- [DESCRIPTION OF THE TASK]:
Scan the entries below for lines holding "infinity". Give the number of such lines alone.
*** Opening RECORDS FOR THE TASK ***
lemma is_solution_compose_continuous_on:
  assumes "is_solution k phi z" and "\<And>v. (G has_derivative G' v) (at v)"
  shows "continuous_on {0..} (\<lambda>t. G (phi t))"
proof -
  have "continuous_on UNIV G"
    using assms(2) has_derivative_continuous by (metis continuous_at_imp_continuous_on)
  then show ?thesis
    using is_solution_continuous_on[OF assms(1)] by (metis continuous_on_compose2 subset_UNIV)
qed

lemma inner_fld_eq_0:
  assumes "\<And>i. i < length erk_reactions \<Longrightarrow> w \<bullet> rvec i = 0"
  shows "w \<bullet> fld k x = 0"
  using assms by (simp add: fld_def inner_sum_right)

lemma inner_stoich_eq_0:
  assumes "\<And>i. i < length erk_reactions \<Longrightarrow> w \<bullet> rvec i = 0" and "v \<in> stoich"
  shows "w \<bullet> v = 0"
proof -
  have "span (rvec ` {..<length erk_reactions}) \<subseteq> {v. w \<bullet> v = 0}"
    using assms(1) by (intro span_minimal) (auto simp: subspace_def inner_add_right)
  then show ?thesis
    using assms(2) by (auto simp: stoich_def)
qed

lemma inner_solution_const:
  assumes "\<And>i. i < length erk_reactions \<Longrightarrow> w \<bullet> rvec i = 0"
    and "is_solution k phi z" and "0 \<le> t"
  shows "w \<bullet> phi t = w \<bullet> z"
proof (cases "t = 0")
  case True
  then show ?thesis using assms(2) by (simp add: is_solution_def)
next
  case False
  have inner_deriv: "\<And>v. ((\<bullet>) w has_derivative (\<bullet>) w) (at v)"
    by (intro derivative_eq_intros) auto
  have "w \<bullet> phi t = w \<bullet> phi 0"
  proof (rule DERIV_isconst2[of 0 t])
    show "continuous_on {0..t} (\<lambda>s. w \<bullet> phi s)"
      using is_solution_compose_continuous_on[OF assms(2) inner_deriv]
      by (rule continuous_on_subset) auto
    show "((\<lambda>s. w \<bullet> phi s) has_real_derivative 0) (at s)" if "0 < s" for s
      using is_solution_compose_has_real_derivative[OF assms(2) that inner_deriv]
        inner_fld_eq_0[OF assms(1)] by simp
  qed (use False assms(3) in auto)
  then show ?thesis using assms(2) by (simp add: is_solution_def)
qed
*** Closing RECORDS FOR THE TASK ***
*** Opening RECORDS FOR THE TASK ***
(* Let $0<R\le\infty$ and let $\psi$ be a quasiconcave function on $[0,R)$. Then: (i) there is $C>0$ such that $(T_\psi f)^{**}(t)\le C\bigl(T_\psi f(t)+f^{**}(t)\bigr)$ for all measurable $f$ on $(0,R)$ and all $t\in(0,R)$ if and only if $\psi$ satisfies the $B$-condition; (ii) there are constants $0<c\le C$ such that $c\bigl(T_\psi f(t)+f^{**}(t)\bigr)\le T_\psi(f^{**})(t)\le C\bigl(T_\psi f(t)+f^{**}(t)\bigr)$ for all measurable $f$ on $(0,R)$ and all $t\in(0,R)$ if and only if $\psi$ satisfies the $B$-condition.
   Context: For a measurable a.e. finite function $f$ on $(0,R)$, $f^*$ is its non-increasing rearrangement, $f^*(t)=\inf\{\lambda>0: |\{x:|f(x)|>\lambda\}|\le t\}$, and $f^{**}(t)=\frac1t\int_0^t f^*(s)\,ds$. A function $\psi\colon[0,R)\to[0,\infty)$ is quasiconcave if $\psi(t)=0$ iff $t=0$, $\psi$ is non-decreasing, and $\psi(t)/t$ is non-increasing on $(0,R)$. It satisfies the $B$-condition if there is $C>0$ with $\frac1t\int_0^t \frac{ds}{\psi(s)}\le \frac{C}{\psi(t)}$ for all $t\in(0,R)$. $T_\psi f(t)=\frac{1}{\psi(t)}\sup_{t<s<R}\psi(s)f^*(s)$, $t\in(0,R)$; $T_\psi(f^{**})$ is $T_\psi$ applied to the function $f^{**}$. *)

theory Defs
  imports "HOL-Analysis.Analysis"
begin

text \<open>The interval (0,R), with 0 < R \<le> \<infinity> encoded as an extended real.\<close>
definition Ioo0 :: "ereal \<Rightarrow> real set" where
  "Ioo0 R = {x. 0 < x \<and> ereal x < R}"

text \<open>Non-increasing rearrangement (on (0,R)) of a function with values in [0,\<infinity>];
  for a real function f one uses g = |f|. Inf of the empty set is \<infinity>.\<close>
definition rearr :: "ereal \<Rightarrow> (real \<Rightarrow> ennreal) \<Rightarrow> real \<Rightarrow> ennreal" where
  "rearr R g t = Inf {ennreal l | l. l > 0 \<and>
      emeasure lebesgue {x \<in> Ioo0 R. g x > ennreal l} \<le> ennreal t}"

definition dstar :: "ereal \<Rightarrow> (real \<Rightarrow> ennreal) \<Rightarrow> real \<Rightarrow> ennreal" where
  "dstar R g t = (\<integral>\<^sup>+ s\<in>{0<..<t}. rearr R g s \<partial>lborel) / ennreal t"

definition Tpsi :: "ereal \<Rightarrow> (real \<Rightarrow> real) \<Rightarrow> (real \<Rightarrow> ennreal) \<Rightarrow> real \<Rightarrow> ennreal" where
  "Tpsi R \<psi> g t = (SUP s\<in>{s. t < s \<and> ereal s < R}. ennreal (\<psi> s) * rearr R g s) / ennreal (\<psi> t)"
*** Closing RECORDS FOR THE TASK ***
- [TASK RESPONSE]:
3